= Required work =
Output must match the data below exactly from its first line through the line that contains "finally show ?thesis", with no other line.

** Record excerpts follows **

lemma continuous_map_fourier:
  assumes f: "integrable nu f"
  shows "continuous_map dual_topology euclidean (fourier nu f)"
  unfolding Met_TC.continuous_map_to_metric[of dual_topology, unfolded mtopology_is_euclidean mball_eq_ball]
proof (intro ballI allI impI)
  fix \<xi> :: "'g \<Rightarrow> complex" and r :: real assume "\<xi> \<in> topspace dual_topology" and r: "r > 0"
  then have \<xi>: "\<xi> \<in> dual_group" by (simp add: topspace_dual_topology)
  define L where "L = (\<integral>u. norm (f u) \<partial>nu)"
  define \<delta> where "\<delta> = r / (2 * (L + 1))"
  have L: "L \<ge> 0" by (simp add: L_def)
  then have \<delta>: "\<delta> > 0" and \<delta>L: "\<delta> * L < r / 2"
    using r by (simp_all add: \<delta>_def field_simps)
  obtain C where C: "compact C" and tail: "(\<integral>u. norm (f u) * indicator (- C) u \<partial>nu) < r / 4"
    using integrable_tail_small[OF f, of "r / 4"] r by (metis divide_pos_pos zero_less_numeral)
  obtain W where W: "openin dual_topology W" "\<xi> \<in> W"
    and close: "\<And>\<eta> c. \<eta> \<in> W \<Longrightarrow> c \<in> C \<Longrightarrow> norm (\<eta> c - \<xi> c) < \<delta>"
    using dual_topology_uniform_nhd[OF C \<xi> \<delta>] by blast
  have "fourier nu f \<eta> \<in> ball (fourier nu f \<xi>) r" if \<eta>: "\<eta> \<in> W" for \<eta>
  proof -
    have "\<eta> \<in> dual_group"
      using openin_subset[OF W(1)] \<eta> by (auto simp: topspace_dual_topology)
    then have "norm (fourier nu f \<eta> - fourier nu f \<xi>)
        \<le> \<delta> * L + 2 * (\<integral>u. norm (f u) * indicator (- C) u \<partial>nu)"
      unfolding L_def
      using close[OF \<eta>] \<delta> by (intro norm_fourier_diff_dual_le[OF f \<xi> _ C]) (auto intro: less_imp_le)
    also have "\<dots> < r" using \<delta>L tail by linarith
    finally show ?thesis by (simp add: dist_norm norm_minus_commute)
  qed
  then show "\<exists>U. openin dual_topology U \<and> \<xi> \<in> U \<and> (\<forall>\<eta>\<in>U. fourier nu f \<eta> \<in> ball (fourier nu f \<xi>) r)"
    using W by blast
qed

** End of Record excerpts **

= Solution to the exercise =
lemma continuous_map_fourier:
  assumes f: "integrable nu f"
  shows "continuous_map dual_topology euclidean (fourier nu f)"
  unfolding Met_TC.continuous_map_to_metric[of dual_topology, unfolded mtopology_is_euclidean mball_eq_ball]
proof (intro ballI allI impI)
  fix \<xi> :: "'g \<Rightarrow> complex" and r :: real assume "\<xi> \<in> topspace dual_topology" and r: "r > 0"
  then have \<xi>: "\<xi> \<in> dual_group" by (simp add: topspace_dual_topology)
  define L where "L = (\<integral>u. norm (f u) \<partial>nu)"
  define \<delta> where "\<delta> = r / (2 * (L + 1))"
  have L: "L \<ge> 0" by (simp add: L_def)
  then have \<delta>: "\<delta> > 0" and \<delta>L: "\<delta> * L < r / 2"
    using r by (simp_all add: \<delta>_def field_simps)
  obtain C where C: "compact C" and tail: "(\<integral>u. norm (f u) * indicator (- C) u \<partial>nu) < r / 4"
    using integrable_tail_small[OF f, of "r / 4"] r by (metis divide_pos_pos zero_less_numeral)
  obtain W where W: "openin dual_topology W" "\<xi> \<in> W"
    and close: "\<And>\<eta> c. \<eta> \<in> W \<Longrightarrow> c \<in> C \<Longrightarrow> norm (\<eta> c - \<xi> c) < \<delta>"
    using dual_topology_uniform_nhd[OF C \<xi> \<delta>] by blast
  have "fourier nu f \<eta> \<in> ball (fourier nu f \<xi>) r" if \<eta>: "\<eta> \<in> W" for \<eta>
  proof -
    have "\<eta> \<in> dual_group"
      using openin_subset[OF W(1)] \<eta> by (auto simp: topspace_dual_topology)
    then have "norm (fourier nu f \<eta> - fourier nu f \<xi>)
        \<le> \<delta> * L + 2 * (\<integral>u. norm (f u) * indicator (- C) u \<partial>nu)"
      unfolding L_def
      using close[OF \<eta>] \<delta> by (intro norm_fourier_diff_dual_le[OF f \<xi> _ C]) (auto intro: less_imp_le)
    also have "\<dots> < r" using \<delta>L tail by linarith
    finally show ?thesis by (simp add: dist_norm norm_minus_commute)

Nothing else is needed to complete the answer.